Exercise requirements →
Check each line of the entries below for the string "open"; copy every line where it appears.

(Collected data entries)
- - - -

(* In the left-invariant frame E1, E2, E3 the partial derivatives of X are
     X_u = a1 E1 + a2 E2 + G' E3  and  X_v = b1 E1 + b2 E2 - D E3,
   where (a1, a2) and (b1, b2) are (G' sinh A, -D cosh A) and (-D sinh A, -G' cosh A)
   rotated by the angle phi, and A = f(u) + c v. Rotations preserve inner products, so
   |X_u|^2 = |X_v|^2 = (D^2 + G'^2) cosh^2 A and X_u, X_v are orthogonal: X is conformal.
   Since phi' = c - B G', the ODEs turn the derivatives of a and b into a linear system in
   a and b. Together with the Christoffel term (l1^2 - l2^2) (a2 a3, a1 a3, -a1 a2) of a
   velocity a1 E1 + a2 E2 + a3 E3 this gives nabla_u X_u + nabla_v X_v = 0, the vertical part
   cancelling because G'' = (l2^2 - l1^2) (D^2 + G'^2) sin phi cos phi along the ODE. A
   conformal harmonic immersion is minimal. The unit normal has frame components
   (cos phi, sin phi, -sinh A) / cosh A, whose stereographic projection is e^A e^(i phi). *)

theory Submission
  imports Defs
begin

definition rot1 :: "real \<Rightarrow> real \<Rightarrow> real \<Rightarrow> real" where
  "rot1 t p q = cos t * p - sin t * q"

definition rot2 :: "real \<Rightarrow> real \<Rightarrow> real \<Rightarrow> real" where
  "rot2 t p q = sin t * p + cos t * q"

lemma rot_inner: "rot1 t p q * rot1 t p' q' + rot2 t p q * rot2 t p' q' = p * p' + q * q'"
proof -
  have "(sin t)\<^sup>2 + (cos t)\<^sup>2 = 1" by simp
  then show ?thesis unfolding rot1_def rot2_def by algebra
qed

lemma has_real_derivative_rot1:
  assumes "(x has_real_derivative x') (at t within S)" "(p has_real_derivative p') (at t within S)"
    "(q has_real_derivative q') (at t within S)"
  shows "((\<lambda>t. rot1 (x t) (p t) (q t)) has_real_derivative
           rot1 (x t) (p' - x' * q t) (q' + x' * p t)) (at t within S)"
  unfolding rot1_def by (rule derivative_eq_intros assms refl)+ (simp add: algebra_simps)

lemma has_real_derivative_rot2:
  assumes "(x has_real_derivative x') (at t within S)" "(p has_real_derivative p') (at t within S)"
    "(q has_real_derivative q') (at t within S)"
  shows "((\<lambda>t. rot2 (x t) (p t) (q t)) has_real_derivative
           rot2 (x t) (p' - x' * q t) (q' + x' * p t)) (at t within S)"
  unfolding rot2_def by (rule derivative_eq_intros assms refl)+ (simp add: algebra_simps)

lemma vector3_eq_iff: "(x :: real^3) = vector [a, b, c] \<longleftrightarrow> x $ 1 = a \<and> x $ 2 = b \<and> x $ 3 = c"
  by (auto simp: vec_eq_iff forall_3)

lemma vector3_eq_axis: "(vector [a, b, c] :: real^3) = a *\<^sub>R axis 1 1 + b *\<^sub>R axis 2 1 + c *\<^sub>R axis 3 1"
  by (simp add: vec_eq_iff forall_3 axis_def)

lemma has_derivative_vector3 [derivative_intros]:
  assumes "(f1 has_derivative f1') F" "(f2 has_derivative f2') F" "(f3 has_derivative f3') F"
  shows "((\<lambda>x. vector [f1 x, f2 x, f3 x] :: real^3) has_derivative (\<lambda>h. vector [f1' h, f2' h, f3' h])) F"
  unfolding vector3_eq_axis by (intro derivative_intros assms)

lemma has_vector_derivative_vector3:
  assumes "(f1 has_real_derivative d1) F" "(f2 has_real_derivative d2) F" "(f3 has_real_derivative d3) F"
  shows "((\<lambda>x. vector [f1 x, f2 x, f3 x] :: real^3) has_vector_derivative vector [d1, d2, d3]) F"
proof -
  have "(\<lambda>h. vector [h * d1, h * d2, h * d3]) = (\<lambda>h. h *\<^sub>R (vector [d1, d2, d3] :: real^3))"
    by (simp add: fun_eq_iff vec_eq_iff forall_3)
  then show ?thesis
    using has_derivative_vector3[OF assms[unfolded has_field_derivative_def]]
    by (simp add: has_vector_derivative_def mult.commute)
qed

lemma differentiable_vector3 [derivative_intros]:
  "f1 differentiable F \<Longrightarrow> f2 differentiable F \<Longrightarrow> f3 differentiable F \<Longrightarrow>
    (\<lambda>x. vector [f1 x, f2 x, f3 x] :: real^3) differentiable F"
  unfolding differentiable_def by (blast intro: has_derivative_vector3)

- - - -

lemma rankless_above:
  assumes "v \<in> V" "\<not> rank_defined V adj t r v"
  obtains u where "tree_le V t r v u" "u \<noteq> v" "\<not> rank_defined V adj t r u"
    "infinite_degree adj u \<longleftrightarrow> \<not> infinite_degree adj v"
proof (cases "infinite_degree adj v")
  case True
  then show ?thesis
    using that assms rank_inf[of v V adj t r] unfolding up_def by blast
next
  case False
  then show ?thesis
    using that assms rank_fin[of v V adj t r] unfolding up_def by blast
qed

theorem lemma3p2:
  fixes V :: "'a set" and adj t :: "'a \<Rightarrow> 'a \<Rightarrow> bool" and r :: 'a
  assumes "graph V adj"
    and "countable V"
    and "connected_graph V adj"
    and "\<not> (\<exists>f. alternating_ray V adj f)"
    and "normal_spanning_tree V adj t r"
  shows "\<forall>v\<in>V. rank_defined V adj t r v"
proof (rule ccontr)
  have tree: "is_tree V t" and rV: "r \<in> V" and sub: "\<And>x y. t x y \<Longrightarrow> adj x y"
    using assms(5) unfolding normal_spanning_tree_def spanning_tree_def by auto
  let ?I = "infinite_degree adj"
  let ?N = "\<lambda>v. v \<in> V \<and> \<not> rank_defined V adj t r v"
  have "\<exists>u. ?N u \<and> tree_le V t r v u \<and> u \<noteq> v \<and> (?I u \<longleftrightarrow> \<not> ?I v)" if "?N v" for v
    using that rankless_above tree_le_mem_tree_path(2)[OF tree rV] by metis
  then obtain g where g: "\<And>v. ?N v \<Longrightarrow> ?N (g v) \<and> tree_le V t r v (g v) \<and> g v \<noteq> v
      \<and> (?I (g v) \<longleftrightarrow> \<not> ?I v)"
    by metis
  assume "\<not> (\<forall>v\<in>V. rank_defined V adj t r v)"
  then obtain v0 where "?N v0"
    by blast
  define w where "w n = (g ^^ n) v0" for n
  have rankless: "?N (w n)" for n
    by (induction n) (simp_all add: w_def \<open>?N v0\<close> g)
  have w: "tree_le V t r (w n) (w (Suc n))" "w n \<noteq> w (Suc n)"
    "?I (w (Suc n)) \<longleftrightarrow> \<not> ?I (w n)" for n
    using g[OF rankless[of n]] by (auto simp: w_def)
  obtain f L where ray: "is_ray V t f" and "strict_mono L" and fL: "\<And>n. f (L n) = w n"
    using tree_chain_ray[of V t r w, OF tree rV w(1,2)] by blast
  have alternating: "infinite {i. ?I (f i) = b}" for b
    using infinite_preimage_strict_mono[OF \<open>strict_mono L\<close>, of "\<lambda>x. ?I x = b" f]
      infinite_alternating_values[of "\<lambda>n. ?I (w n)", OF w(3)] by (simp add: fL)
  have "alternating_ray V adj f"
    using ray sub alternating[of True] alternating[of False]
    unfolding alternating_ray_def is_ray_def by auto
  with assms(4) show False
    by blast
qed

- - - -

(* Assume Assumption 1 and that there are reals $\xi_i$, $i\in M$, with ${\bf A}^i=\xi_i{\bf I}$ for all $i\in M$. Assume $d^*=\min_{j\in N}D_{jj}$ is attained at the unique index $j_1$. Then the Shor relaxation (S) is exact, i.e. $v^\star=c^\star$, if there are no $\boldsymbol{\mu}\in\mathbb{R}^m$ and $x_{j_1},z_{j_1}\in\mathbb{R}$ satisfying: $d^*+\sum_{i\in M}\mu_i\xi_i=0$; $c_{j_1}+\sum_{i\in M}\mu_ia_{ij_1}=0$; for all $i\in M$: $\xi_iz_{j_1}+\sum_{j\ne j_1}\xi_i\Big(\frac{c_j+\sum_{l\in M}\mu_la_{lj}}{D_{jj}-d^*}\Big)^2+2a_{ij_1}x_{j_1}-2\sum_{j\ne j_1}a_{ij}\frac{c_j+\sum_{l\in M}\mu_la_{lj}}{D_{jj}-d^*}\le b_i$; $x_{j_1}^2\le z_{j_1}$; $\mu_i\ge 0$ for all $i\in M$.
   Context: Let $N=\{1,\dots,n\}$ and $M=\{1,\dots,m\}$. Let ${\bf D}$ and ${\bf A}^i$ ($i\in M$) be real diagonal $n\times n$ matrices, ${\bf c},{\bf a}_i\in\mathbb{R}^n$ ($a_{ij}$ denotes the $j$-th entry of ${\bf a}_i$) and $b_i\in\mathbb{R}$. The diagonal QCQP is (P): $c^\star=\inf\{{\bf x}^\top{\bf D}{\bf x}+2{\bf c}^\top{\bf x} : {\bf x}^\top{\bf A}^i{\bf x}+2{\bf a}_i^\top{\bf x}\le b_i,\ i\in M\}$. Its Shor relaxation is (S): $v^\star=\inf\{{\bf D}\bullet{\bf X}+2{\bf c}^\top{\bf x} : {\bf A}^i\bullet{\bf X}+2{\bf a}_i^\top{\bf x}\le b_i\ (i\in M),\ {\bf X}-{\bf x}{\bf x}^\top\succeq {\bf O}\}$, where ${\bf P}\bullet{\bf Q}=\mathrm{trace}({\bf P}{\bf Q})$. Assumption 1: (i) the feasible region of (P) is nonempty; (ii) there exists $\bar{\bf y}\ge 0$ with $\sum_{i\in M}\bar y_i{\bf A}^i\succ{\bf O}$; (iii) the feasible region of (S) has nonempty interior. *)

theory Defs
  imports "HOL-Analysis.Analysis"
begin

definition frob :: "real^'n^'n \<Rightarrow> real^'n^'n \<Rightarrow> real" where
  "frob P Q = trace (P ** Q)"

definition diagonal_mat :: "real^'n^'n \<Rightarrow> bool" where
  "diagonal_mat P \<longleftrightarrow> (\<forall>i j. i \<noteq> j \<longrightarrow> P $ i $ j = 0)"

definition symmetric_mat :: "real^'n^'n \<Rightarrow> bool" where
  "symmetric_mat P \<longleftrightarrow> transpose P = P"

- - - -

Problem solution →
    by (induction n) (simp_all add: w_def \<open>?N v0\<close> g)
    using infinite_preimage_strict_mono[OF \<open>strict_mono L\<close>, of "\<lambda>x. ?I x = b" f]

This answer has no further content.